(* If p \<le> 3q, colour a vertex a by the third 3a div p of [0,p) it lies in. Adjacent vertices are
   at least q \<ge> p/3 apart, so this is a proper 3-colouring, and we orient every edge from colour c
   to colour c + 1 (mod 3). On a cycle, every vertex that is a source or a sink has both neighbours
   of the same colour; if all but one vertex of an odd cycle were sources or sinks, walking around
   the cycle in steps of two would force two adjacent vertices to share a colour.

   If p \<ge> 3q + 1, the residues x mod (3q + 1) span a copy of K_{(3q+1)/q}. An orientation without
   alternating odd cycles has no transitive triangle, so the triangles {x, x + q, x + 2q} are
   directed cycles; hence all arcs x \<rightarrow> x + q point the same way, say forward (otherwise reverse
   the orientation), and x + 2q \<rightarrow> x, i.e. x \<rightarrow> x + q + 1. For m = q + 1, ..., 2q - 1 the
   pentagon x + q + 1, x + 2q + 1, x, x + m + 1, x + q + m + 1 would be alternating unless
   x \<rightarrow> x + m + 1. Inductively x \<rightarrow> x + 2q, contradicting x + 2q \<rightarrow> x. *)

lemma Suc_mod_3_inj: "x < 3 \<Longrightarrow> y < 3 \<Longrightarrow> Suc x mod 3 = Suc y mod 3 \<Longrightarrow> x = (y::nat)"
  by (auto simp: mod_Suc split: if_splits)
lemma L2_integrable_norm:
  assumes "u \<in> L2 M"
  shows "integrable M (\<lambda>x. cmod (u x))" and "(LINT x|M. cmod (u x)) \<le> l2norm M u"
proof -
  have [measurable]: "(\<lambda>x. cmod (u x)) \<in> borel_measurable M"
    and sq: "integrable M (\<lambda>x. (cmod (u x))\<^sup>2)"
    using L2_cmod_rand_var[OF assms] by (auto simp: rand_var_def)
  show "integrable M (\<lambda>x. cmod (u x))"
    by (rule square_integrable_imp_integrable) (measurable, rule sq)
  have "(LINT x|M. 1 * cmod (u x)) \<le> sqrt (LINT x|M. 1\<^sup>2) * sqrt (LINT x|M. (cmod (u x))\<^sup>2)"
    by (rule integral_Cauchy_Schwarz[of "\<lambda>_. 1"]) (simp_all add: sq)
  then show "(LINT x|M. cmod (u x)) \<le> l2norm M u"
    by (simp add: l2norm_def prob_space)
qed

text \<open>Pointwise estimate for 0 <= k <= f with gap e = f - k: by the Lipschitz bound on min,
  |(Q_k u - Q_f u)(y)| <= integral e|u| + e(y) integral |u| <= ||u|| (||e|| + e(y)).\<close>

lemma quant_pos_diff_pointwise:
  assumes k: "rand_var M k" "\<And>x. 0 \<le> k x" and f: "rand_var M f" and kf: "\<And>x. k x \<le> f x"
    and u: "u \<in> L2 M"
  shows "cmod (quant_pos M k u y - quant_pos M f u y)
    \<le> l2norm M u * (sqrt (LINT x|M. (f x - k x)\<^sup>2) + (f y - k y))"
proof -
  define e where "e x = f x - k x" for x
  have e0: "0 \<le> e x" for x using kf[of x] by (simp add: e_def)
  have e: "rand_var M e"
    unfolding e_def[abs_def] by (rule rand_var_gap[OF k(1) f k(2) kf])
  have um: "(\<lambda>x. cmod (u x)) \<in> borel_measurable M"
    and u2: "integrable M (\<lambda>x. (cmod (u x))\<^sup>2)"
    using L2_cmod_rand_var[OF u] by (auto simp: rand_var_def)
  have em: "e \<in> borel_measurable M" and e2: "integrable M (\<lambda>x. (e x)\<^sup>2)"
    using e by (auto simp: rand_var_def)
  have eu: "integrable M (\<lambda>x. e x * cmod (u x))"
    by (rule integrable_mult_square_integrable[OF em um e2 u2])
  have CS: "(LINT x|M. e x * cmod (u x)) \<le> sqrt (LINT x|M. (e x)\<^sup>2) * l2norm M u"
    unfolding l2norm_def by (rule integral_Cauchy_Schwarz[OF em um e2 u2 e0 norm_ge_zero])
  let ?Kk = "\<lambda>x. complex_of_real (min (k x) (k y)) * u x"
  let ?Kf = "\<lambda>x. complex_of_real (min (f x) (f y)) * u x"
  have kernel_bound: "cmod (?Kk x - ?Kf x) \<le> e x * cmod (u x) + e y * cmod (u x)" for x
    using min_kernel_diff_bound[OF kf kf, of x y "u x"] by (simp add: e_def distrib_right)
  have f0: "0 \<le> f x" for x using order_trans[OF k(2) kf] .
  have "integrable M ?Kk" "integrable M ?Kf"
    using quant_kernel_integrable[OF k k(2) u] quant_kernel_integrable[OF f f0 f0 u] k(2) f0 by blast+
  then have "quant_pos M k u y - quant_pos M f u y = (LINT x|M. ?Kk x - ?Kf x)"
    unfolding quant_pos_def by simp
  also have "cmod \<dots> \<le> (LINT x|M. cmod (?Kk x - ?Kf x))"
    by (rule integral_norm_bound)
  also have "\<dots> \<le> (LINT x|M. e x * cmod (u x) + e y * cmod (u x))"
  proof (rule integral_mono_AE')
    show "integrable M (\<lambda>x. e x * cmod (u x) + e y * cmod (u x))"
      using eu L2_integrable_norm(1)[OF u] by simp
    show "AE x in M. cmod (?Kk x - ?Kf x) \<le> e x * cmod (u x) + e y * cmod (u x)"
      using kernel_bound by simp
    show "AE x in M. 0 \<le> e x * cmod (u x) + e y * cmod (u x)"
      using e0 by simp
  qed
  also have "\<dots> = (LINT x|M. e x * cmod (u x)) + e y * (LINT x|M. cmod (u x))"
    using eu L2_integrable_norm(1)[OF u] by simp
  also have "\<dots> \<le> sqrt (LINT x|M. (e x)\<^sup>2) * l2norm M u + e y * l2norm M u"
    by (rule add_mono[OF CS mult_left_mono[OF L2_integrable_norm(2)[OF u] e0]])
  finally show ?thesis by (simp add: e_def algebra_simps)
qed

□ □ □ □ □

WHAT YOU WILL DO:
Nothing outside the span should appear: transcribe the lines from the one containing "l2norm M u +" through the last line of the records.

RESULT OF THIS EXERCISE:
  also have "\<dots> \<le> sqrt (LINT x|M. (e x)\<^sup>2) * l2norm M u + e y * l2norm M u"
    by (rule add_mono[OF CS mult_left_mono[OF L2_integrable_norm(2)[OF u] e0]])
  finally show ?thesis by (simp add: e_def algebra_simps)
qed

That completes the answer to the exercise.